Content starts

(* For each $k\ge1$ there is a cone complex $\mathcal{S}_k$ in $M_{\mathbb{R}}$ whose support $\bigcup_{\sigma\in\mathcal{S}_k}\sigma$ equals \[\mathcal{W}_k=\{\theta\in M_{\mathbb{R}}:\text{there exists a nonzero }\theta\text{-semistable object }E\in\mathcal{A}\text{ of total dimension}\le k\}.\] In particular $\mathcal{W}_k$ is closed.
   Context: $Q$ is a quiver (finite vertex set $V(Q)$, finite arrow set), $\mathbb{C}Q$ its path algebra, $I\subset\mathbb{C}Q$ a two-sided ideal spanned by linear combinations of paths of length $\ge2$, and $\mathcal{A}=\mathrm{rep}(Q,I)$ the abelian category of finite-dimensional left $\mathbb{C}Q/I$-modules. $N=\mathbb{Z}^{V(Q)}$ with basis $(e_i)$; each $E\in\mathcal{A}$ has a dimension vector $d(E)\in N$; $M=\mathrm{Hom}(N,\mathbb{Z})$, $M_{\mathbb{R}}=M\otimes\mathbb{R}$, and for $\theta\in M_{\mathbb{R}}$ write $\theta(E)=\theta(d(E))$. The total dimension of $E$ is $\dim_{\mathbb{C}}E$. An object $E$ is $\theta$-semistable if $\theta(E)=0$ and every subobject $A\subset E$ satisfies $\theta(A)\le0$. A cone is a convex rational polyhedral cone $\{\sum\lambda_im_i:\lambda_i\ge0\}$ ($m_i\in M$); a face of $\sigma$ is $\sigma\cap n^\perp$ for $n\in N$ with $\theta(n)\ge0$ on $\sigma$; a cone complex is a finite collection of cones closed under taking faces and such that any two intersect in a face of each. *)

theory Defs
  imports "Jordan_Normal_Form.Matrix" "HOL-Analysis.Function_Topology"
begin
lemma frac_transfer:
  fixes c p x y :: real
  assumes "0 \<le> p" and "p \<le> x" and "p \<le> y" and "x + y - p < c"
  shows "x / (c - x) + y / (c - y) \<le> p / (c - p) + (x + y - p) / (c - (x + y - p))"
    and "p < x \<Longrightarrow> p < y \<Longrightarrow> x / (c - x) + y / (c - y) < p / (c - p) + (x + y - p) / (c - (x + y - p))"
proof -
  define q where "q = x + y - p"
  have pos: "0 < c - q" "0 < c - x" "0 < c - y" "0 < c - p" "0 < c"
    using assms unfolding q_def by linarith+
  have sum_eq: "(c - x) + (c - y) = (c - p) + (c - q)" unfolding q_def by simp
  have prod_eq: "(c - x) * (c - y) = (c - p) * (c - q) + (x - p) * (y - p)"
    unfolding q_def by (simp add: algebra_simps)
  have frac_pair: "(c - A) / A + (c - B) / B = c * ((A + B) / (A * B)) - 2"
    if "A \<noteq> 0" "B \<noteq> 0" for A B
    using that by (simp add: field_simps)
  have lhs: "x / (c - x) + y / (c - y) = c * (((c - x) + (c - y)) / ((c - x) * (c - y))) - 2"
    using frac_pair[of "c - x" "c - y"] pos by simp
  have rhs: "p / (c - p) + q / (c - q) = c * (((c - p) + (c - q)) / ((c - p) * (c - q))) - 2"
    using frac_pair[of "c - p" "c - q"] pos by simp
  have le: "((c - x) + (c - y)) / ((c - x) * (c - y)) \<le> ((c - p) + (c - q)) / ((c - p) * (c - q))"
  proof -
    have "(c - p) * (c - q) \<le> (c - x) * (c - y)"
      unfolding prod_eq using assms(2,3) by simp
    then show ?thesis
      unfolding sum_eq using pos by (intro divide_left_mono) auto
  qed
  show "x / (c - x) + y / (c - y) \<le> p / (c - p) + q / (c - q)"
    unfolding lhs rhs using mult_left_mono[OF le, of c] pos(5) by simp
  assume "p < x" "p < y"
  then have less: "((c - x) + (c - y)) / ((c - x) * (c - y)) < ((c - p) + (c - q)) / ((c - p) * (c - q))"
  proof -
    have "(c - p) * (c - q) < (c - x) * (c - y)"
      unfolding prod_eq using \<open>p < x\<close> \<open>p < y\<close> by simp
    then show ?thesis
      unfolding sum_eq using pos by (intro divide_strict_left_mono) auto
  qed
  show "x / (c - x) + y / (c - y) < p / (c - p) + q / (c - q)"
    unfolding lhs rhs using mult_strict_left_mono[OF less pos(5)] by simp
qed
(* Let $\boldsymbol A,\boldsymbol B$ be $m\times l$ matrices with $\boldsymbol A^\top\boldsymbol A=\boldsymbol B^\top\boldsymbol B=\boldsymbol I_l$, and let $\boldsymbol M$ be an $l\times l$ positive definite matrix whose eigenvalues lie in $[\lambda,\kappa\lambda]$ for some $\lambda>0$, $\kappa\ge1$. If $\boldsymbol A^\top\boldsymbol B$ is a diagonal matrix with non-negative entries, then there is a constant $C$ depending only on $\kappa$ such that $$\|\boldsymbol A\boldsymbol M\boldsymbol A^\top-\boldsymbol B\boldsymbol M\boldsymbol B^\top\|_F\le C\lambda\|\boldsymbol A\boldsymbol A^\top-\boldsymbol B\boldsymbol B^\top\|_F .$$ *)

theory Defs
  imports "Jordan_Normal_Form.Matrix" "Jordan_Normal_Form.Char_Poly"
begin

definition frobenius_norm :: "real mat \<Rightarrow> real" where
  "frobenius_norm X = sqrt (\<Sum>i<dim_row X. \<Sum>j<dim_col X. (X $$ (i,j))\<^sup>2)"

definition positive_definite_mat :: "nat \<Rightarrow> real mat \<Rightarrow> bool" where
  "positive_definite_mat n M \<longleftrightarrow> M \<in> carrier_mat n n \<and> transpose_mat M = M \<and>
     (\<forall>x \<in> carrier_vec n. x \<noteq> 0\<^sub>v n \<longrightarrow> x \<bullet> (M *\<^sub>v x) > 0)"

end

theory Submission
  imports Defs "HOL-Analysis.Function_Topology"
begin

(* Let D = A^T B = diag(d_1, ..., d_l); then 0 <= d_i <= 1. Expanding the Frobenius norms as traces
   and using A^T A = B^T B = I gives
     ||A M A^T - B M B^T||^2 = 2 sum_{i,p} M_ip^2 (1 - d_i d_p),
   and for M = I in particular ||A A^T - B B^T||^2 = 2 sum_i (1 - d_i^2).
   Since 1 - d_i d_p <= (1 - d_i^2) + (1 - d_p^2) and every row of M satisfies
   sum_p M_ip^2 = (M^2)_ii <= (kappa lambda)^2, the first sum is at most 2 (kappa lambda)^2 times the
   second, so C = 2 kappa works. The row bound needs the largest eigenvalue of M to dominate its
   quadratic form; that eigenvalue is found by maximising the form on the compact unit sphere. *)

section \<open>Quadratic forms and the largest eigenvalue\<close>

lemma quadratic_nonneg_imp_discriminant:
  fixes p q r :: real
  assumes nonneg: "\<And>t. p + 2 * t * q + t\<^sup>2 * r \<ge> 0" and "r \<ge> 0"
  shows "q\<^sup>2 \<le> p * r"
proof (cases "r > 0")
  case True
  have "p + 2 * (- q / r) * q + (- q / r)\<^sup>2 * r \<ge> 0" by (rule nonneg)
  hence "p - q\<^sup>2 / r \<ge> 0" using True by (simp add: power2_eq_square field_simps)
  thus ?thesis using True by (simp add: field_simps)
next
  case False
  with \<open>r \<ge> 0\<close> have r: "r = 0" by simp
  show ?thesis
  proof (rule ccontr)
    assume "\<not> ?thesis"
    hence "q \<noteq> 0" using r by simp
    define t where "t = - (p + 1) / (2 * q)"
    have "2 * t * q = - (p + 1)" using \<open>q \<noteq> 0\<close> by (simp add: t_def)
    thus False using nonneg[of t] r by simp
  qed
qed

definition bilinear_form :: "(nat \<Rightarrow> nat \<Rightarrow> real) \<Rightarrow> nat \<Rightarrow> (nat \<Rightarrow> real) \<Rightarrow> (nat \<Rightarrow> real) \<Rightarrow> real"
  where "bilinear_form a n y x = (\<Sum>i<n. y i * (\<Sum>j<n. a i j * x j))"

definition quadratic_form :: "(nat \<Rightarrow> nat \<Rightarrow> real) \<Rightarrow> nat \<Rightarrow> (nat \<Rightarrow> real) \<Rightarrow> real"
  where "quadratic_form a n x = bilinear_form a n x x"

lemma bilinear_form_commute:
  assumes sym: "\<And>i j. i < n \<Longrightarrow> j < n \<Longrightarrow> a i j = a j i"
  shows "bilinear_form a n x y = bilinear_form a n y x"
proof -
  have "bilinear_form a n x y = (\<Sum>i<n. \<Sum>j<n. x i * a i j * y j)"
    unfolding bilinear_form_def by (simp add: sum_distrib_left mult.assoc)
  also have "\<dots> = (\<Sum>j<n. \<Sum>i<n. y j * a j i * x i)"
    by (subst sum.swap) (intro sum.cong refl, simp add: sym mult.commute)
  also have "\<dots> = bilinear_form a n y x"
    unfolding bilinear_form_def by (simp add: sum_distrib_left mult.assoc)
  finally show ?thesis .
qed

lemma quadratic_form_add_scaled:
  assumes sym: "\<And>i j. i < n \<Longrightarrow> j < n \<Longrightarrow> a i j = a j i"
  shows "quadratic_form a n (\<lambda>i. x i + t * y i)
    = quadratic_form a n x + 2 * t * bilinear_form a n y x + t\<^sup>2 * quadratic_form a n y"
proof -
  have "quadratic_form a n (\<lambda>i. x i + t * y i)
      = bilinear_form a n x x + t * bilinear_form a n x y + t * bilinear_form a n y x
        + t\<^sup>2 * bilinear_form a n y y"
    unfolding quadratic_form_def bilinear_form_def
    by (simp add: algebra_simps sum.distrib sum_distrib_left power2_eq_square)
  then show ?thesis
    using bilinear_form_commute[OF sym, where x=x and y=y] by (simp add: quadratic_form_def)
qed

lemma quadratic_form_scale: "quadratic_form a n (\<lambda>i. t * x i) = t\<^sup>2 * quadratic_form a n x"
  unfolding quadratic_form_def bilinear_form_def
  by (simp add: algebra_simps sum_distrib_left power2_eq_square)

lemma psd_cauchy_schwarz:
  assumes sym: "\<And>i j. i < n \<Longrightarrow> j < n \<Longrightarrow> a i j = a j i"
    and psd: "\<And>x. quadratic_form a n x \<ge> 0"
  shows "(bilinear_form a n y x)\<^sup>2 \<le> quadratic_form a n x * quadratic_form a n y"
proof (rule quadratic_nonneg_imp_discriminant)
  show "quadratic_form a n x + 2 * t * bilinear_form a n y x + t\<^sup>2 * quadratic_form a n y \<ge> 0" for t
    using psd[of "\<lambda>i. x i + t * y i"] by (simp add: quadratic_form_add_scaled[OF sym])
qed (rule psd)

lemma psd_null_vector_in_kernel:
  assumes sym: "\<And>i j. i < n \<Longrightarrow> j < n \<Longrightarrow> a i j = a j i"
    and psd: "\<And>x. quadratic_form a n x \<ge> 0"
    and null: "quadratic_form a n x = 0" and "i < n"
  shows "(\<Sum>j<n. a i j * x j) = 0"
proof -
  define w where "w = (\<lambda>i. \<Sum>j<n. a i j * x j)"
  have "(bilinear_form a n w x)\<^sup>2 \<le> quadratic_form a n x * quadratic_form a n w"
    by (rule psd_cauchy_schwarz[OF sym psd])
  hence "bilinear_form a n w x = 0" by (simp add: null)
  hence "(\<Sum>i<n. (w i)\<^sup>2) = 0" by (simp add: bilinear_form_def w_def power2_eq_square)
  thus ?thesis using \<open>i < n\<close> by (simp add: sum_nonneg_eq_0_iff w_def)
qed

lemma continuous_on_coordinate: "continuous_on U (\<lambda>x::nat \<Rightarrow> real. x i)"
  by (rule continuous_on_subset[OF continuous_on_product_coordinates]) simp

lemma compact_box_inter_sphere:
  "compact (PiE UNIV (\<lambda>i::nat. if i < n then {-1..1::real} else {0}) \<inter> {x. (\<Sum>i<n. (x i)\<^sup>2) = 1})"
proof (rule compact_Int_closed)
  have "compactin (product_topology (\<lambda>i. euclidean) UNIV)
      (PiE UNIV (\<lambda>i::nat. if i < n then {-1..1::real} else {0}))"
    by (subst compactin_PiE) auto
  thus "compact (PiE UNIV (\<lambda>i::nat. if i < n then {-1..1::real} else {0}))"
    by (simp add: euclidean_product_topology)
  show "closed {x::nat \<Rightarrow> real. (\<Sum>i<n. (x i)\<^sup>2) = 1}"
    by (intro closed_Collect_eq continuous_intros continuous_on_coordinate)
qed

lemma quadratic_form_attains_max_on_sphere:
  fixes a :: "nat \<Rightarrow> nat \<Rightarrow> real"
  assumes "n > 0"
  obtains x0 where "(\<Sum>i<n. (x0 i)\<^sup>2) = 1"
    and "\<And>x. (\<Sum>i<n. (x i)\<^sup>2) = 1 \<Longrightarrow> quadratic_form a n x \<le> quadratic_form a n x0"
proof -
  define F where "F = (\<lambda>i::nat. if i < n then {-1..1::real} else {0})"
  define S where "S = PiE UNIV F \<inter> {x. (\<Sum>i<n. (x i)\<^sup>2) = 1}"
  have "compact S" unfolding S_def F_def by (rule compact_box_inter_sphere)
  have restrict_in_S: "(\<lambda>i. if i < n then x i else 0) \<in> S" if x: "(\<Sum>i<n. (x i)\<^sup>2) = 1" for x
  proof -
    have "\<bar>x i\<bar> \<le> 1" if "i < n" for i
    proof -
      have "(x i)\<^sup>2 \<le> (\<Sum>i<n. (x i)\<^sup>2)" by (rule member_le_sum) (use that in auto)
      thus ?thesis using x by (simp add: abs_square_le_1)
    qed
    thus ?thesis unfolding S_def F_def using x by (auto simp: PiE_iff abs_le_iff)
  qed
  define e where "e = (\<lambda>i::nat. if i = 0 then 1 else 0 :: real)"
  have "(e i)\<^sup>2 = e i" for i by (simp add: e_def)
  hence "(\<Sum>i<n. (e i)\<^sup>2) = 1" using assms by (simp add: e_def)
  hence "S \<noteq> {}" using restrict_in_S by blast
  moreover have "continuous_on S (quadratic_form a n)"
    unfolding quadratic_form_def bilinear_form_def by (intro continuous_intros continuous_on_coordinate)
  ultimately obtain x0 where "x0 \<in> S" and x0_max: "\<And>y. y \<in> S \<Longrightarrow> quadratic_form a n y \<le> quadratic_form a n x0"
    using continuous_attains_sup[OF \<open>compact S\<close>] by blast
  show ?thesis
  proof
    show "(\<Sum>i<n. (x0 i)\<^sup>2) = 1" using \<open>x0 \<in> S\<close> unfolding S_def by auto
    fix x :: "nat \<Rightarrow> real" assume "(\<Sum>i<n. (x i)\<^sup>2) = 1"
    have "quadratic_form a n x = quadratic_form a n (\<lambda>i. if i < n then x i else 0)"
      unfolding quadratic_form_def bilinear_form_def by simp
    also have "\<dots> \<le> quadratic_form a n x0" by (rule x0_max[OF restrict_in_S]) fact
    finally show "quadratic_form a n x \<le> quadratic_form a n x0" .
  qed
qed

Content ends

◆ **Task instructions**
Word for word, restate the lines above from the line containing "sum_p M_ip^2 = (M^2)_ii" through the line containing "quadratic form; that", with both included and nothing else.

◆ **Answer to the exercise**
   sum_p M_ip^2 = (M^2)_ii <= (kappa lambda)^2, the first sum is at most 2 (kappa lambda)^2 times the
   second, so C = 2 kappa works. The row bound needs the largest eigenvalue of M to dominate its
   quadratic form; that eigenvalue is found by maximising the form on the compact unit sphere. *)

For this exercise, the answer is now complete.